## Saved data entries
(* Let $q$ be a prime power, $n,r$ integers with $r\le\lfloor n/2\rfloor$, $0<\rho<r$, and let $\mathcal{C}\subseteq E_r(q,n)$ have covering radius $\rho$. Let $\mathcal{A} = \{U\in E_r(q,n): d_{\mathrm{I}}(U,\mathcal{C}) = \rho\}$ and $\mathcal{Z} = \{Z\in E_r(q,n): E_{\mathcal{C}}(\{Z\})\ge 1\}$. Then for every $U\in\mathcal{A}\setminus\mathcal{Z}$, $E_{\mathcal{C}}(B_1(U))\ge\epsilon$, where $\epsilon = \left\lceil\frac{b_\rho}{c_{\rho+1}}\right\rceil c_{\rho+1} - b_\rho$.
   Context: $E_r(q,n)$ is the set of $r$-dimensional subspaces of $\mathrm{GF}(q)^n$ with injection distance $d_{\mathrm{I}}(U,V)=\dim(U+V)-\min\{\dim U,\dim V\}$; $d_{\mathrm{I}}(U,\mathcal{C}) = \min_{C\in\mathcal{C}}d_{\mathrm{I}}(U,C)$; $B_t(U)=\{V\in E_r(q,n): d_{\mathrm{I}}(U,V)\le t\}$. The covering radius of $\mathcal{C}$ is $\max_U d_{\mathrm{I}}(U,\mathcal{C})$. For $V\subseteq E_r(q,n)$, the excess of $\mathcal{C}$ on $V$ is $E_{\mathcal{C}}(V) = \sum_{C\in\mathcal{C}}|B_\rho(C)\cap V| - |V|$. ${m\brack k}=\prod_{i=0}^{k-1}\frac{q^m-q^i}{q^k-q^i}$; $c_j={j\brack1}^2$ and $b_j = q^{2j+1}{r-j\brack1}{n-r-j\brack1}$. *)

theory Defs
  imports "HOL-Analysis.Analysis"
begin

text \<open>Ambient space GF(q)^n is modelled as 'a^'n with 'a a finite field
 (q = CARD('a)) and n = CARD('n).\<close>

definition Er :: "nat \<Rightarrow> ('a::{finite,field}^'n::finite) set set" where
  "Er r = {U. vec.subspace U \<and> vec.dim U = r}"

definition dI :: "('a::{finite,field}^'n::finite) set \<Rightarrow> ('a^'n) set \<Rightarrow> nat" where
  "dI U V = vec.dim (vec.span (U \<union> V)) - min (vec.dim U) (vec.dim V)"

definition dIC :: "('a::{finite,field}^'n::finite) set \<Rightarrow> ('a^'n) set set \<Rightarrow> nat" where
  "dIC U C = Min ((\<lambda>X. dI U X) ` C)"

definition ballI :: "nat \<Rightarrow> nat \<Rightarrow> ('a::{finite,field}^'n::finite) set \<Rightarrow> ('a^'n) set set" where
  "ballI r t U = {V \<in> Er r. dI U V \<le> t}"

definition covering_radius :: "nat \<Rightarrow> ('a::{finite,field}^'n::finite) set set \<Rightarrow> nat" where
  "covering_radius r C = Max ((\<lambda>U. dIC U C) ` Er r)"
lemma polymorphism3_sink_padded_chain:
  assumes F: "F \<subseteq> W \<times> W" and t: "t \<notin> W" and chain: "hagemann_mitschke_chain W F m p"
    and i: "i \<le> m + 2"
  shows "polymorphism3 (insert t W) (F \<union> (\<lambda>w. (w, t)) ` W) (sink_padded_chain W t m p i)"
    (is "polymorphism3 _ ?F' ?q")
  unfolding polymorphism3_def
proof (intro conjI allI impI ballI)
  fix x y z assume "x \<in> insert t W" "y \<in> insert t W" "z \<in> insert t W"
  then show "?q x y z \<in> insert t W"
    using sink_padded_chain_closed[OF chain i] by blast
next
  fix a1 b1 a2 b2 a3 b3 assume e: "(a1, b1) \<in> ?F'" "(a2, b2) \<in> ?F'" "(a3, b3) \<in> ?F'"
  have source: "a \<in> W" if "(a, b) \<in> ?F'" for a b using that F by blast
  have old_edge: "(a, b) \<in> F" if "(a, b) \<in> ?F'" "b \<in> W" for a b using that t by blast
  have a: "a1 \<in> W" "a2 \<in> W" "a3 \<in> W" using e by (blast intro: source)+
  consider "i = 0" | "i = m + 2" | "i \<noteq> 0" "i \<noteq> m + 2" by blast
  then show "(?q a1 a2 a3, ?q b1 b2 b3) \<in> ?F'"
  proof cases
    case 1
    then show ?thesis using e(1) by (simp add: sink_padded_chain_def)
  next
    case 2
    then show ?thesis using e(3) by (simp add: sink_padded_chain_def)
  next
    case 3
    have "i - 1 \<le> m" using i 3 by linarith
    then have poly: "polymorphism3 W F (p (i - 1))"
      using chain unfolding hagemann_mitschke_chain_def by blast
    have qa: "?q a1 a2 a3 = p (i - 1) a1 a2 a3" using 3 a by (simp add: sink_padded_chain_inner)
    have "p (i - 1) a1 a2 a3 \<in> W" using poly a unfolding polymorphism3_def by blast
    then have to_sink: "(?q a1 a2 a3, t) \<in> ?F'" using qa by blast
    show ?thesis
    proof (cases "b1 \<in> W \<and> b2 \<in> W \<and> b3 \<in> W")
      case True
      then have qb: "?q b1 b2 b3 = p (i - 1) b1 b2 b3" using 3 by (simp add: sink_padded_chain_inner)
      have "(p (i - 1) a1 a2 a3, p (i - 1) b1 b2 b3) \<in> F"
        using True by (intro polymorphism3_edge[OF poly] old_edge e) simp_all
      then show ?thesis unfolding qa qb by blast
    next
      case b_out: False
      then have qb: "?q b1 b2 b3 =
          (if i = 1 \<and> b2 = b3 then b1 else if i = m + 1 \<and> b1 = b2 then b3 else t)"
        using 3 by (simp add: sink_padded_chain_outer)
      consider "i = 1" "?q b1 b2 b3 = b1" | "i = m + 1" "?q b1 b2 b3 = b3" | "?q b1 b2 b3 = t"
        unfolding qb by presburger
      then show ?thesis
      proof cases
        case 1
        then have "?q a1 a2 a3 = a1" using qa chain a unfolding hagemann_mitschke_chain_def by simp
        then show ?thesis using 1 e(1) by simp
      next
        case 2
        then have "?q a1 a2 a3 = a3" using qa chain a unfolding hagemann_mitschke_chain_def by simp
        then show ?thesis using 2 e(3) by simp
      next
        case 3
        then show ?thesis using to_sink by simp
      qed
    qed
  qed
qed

## What to work on
Please retype, with no changes, the lines that run from the first line of the entries to the line with "('a^'n) set \<Rightarrow>", both ends included.

## Solution below
(* Let $q$ be a prime power, $n,r$ integers with $r\le\lfloor n/2\rfloor$, $0<\rho<r$, and let $\mathcal{C}\subseteq E_r(q,n)$ have covering radius $\rho$. Let $\mathcal{A} = \{U\in E_r(q,n): d_{\mathrm{I}}(U,\mathcal{C}) = \rho\}$ and $\mathcal{Z} = \{Z\in E_r(q,n): E_{\mathcal{C}}(\{Z\})\ge 1\}$. Then for every $U\in\mathcal{A}\setminus\mathcal{Z}$, $E_{\mathcal{C}}(B_1(U))\ge\epsilon$, where $\epsilon = \left\lceil\frac{b_\rho}{c_{\rho+1}}\right\rceil c_{\rho+1} - b_\rho$.
   Context: $E_r(q,n)$ is the set of $r$-dimensional subspaces of $\mathrm{GF}(q)^n$ with injection distance $d_{\mathrm{I}}(U,V)=\dim(U+V)-\min\{\dim U,\dim V\}$; $d_{\mathrm{I}}(U,\mathcal{C}) = \min_{C\in\mathcal{C}}d_{\mathrm{I}}(U,C)$; $B_t(U)=\{V\in E_r(q,n): d_{\mathrm{I}}(U,V)\le t\}$. The covering radius of $\mathcal{C}$ is $\max_U d_{\mathrm{I}}(U,\mathcal{C})$. For $V\subseteq E_r(q,n)$, the excess of $\mathcal{C}$ on $V$ is $E_{\mathcal{C}}(V) = \sum_{C\in\mathcal{C}}|B_\rho(C)\cap V| - |V|$. ${m\brack k}=\prod_{i=0}^{k-1}\frac{q^m-q^i}{q^k-q^i}$; $c_j={j\brack1}^2$ and $b_j = q^{2j+1}{r-j\brack1}{n-r-j\brack1}$. *)

theory Defs
  imports "HOL-Analysis.Analysis"
begin

text \<open>Ambient space GF(q)^n is modelled as 'a^'n with 'a a finite field
 (q = CARD('a)) and n = CARD('n).\<close>

definition Er :: "nat \<Rightarrow> ('a::{finite,field}^'n::finite) set set" where
  "Er r = {U. vec.subspace U \<and> vec.dim U = r}"

definition dI :: "('a::{finite,field}^'n::finite) set \<Rightarrow> ('a^'n) set \<Rightarrow> nat" where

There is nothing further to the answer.